Personal information
- Born: 23 November 2001 (age 24) Bourg-Saint-Maurice, France
- Height: 1.58 m (5 ft 2 in)
- Weight: 51 kg (112 lb)

Sport
- Country: France
- Sport: Freestyle skiing
- Event: Big air
- Club: C.S La Plagne

Medal record
Women's freestyle skiing
Representing France
Olympic Games
| Silver medal – second place | 2022 Beijing | Big air |
World Championships
| Gold medal – first place | 2017 Sierra Nevada | Slopestyle |
| Gold medal – first place | 2019 Utah | Big air |
| Gold medal – first place | 2023 Bakuriani | Big air |
Winter X Games
| Gold medal – first place | 2019 Norway | Big air |
| Gold medal – first place | 2020 Aspen | Big air |
| Gold medal – first place | 2024 Aspen | Slopestyle |
| Gold medal – first place | 2022 Aspen | Slopestyle |
| Gold medal – first place | 2022 Aspen | Big air |
| Silver medal – second place | 2017 Aspen | Slopestyle |
| Silver medal – second place | 2017 Norway | Slopestyle |
| Silver medal – second place | 2023 Aspen | Big air |
| Bronze medal – third place | 2018 Aspen | Big air |

= Tess Ledeux =

French freestyle skier

Tess Ledeux (born 23 November 2001) is a French freestyle skier who competes internationally.

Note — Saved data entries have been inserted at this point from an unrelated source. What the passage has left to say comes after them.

lemma nurikabe_rect_empty [simp]: "nurikabe_rect k {}"
  unfolding nurikabe_rect_def water_connected_def no_pool_def by simp

definition nurikabe_ending :: "nat \<Rightarrow> nat set \<Rightarrow> (nat \<times> nat) set set" where
  "nurikabe_ending k C = {W. nurikabe_rect k W \<and> column W k = C}"

definition nurikabe_extendable :: "nat \<Rightarrow> nat set \<Rightarrow> (nat \<times> nat) set set" where
  "nurikabe_extendable k C = {L. nurikabe_rect k L \<and> column L k \<inter> C \<noteq> {} \<and>
     \<not> ({0, 1} \<subseteq> column L k \<and> {0, 1} \<subseteq> C)}"

lemma nurikabe_ending_Suc:
  assumes C: "C \<subseteq> {0, 1}" "C \<noteq> {}"
  shows "nurikabe_ending (Suc k) C =
    (\<lambda>L. L \<union> C \<times> {Suc k}) ` insert {} (nurikabe_extendable k C)"
proof (intro equalityI subsetI)
  fix W assume "W \<in> nurikabe_ending (Suc k) C"
  then have W: "nurikabe_rect (Suc k) W" "column W (Suc k) = C"
    unfolding nurikabe_ending_def by auto
  define L where "L = {x \<in> W. snd x \<le> k}"
  have "L \<subseteq> cells k"
    using W(1) unfolding L_def nurikabe_rect_def cells_def by auto
  have "W = L \<union> C \<times> {Suc k}"
    using W unfolding L_def nurikabe_rect_def cells_def column_def by (auto simp: le_Suc_eq)
  with W(1) have "L \<in> insert {} (nurikabe_extendable k C)"
    using nurikabe_rect_extend[OF \<open>L \<subseteq> cells k\<close> C] unfolding nurikabe_extendable_def by auto
  with \<open>W = L \<union> C \<times> {Suc k}\<close> show "W \<in> (\<lambda>L. L \<union> C \<times> {Suc k}) ` insert {} (nurikabe_extendable k C)"
    by blast
next
  fix W assume "W \<in> (\<lambda>L. L \<union> C \<times> {Suc k}) ` insert {} (nurikabe_extendable k C)"
  then obtain L where L: "L \<in> insert {} (nurikabe_extendable k C)" and W: "W = L \<union> C \<times> {Suc k}"
    by blast
  then have "L \<subseteq> cells k"
    unfolding nurikabe_extendable_def nurikabe_rect_def by auto
  with L W have "nurikabe_rect (Suc k) W"
    using nurikabe_rect_extend[OF \<open>L \<subseteq> cells k\<close> C]
    unfolding nurikabe_extendable_def by (auto simp: column_def)
  moreover have "column W (Suc k) = C"
    using \<open>L \<subseteq> cells k\<close> W unfolding cells_def column_def by auto
  ultimately show "W \<in> nurikabe_ending (Suc k) C"
    unfolding nurikabe_ending_def by simp
qed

She competed for France at the FIS Freestyle Ski and Snowboarding World Championships 2017 in Sierra Nevada, Spain, where she won a gold medal in slopestyle. She participated at the FIS Freestyle Ski and Snowboarding World Championships 2019, winning a medal.

She has earned four gold medals at the Winter X Games: three in big air and one in slopestyle. At the 2022 X Games, she won two gold medals, in slopestyle and big air, becoming the first woman to land a double cork 1620 in competition.

Ledeux represented France at the 2022 Winter Olympics in Peking, China, winning a silver medal in the women's big air.

In March 2025, during one of the World Cup competitions, Ledeux crashed and suffered a concussion. She did not fully recover and had to miss the whole 2025–26 season including the Winter Olympics.

== Personal life ==
Tess Ledeux is the cousin of French freestyle skier Kevin Rolland.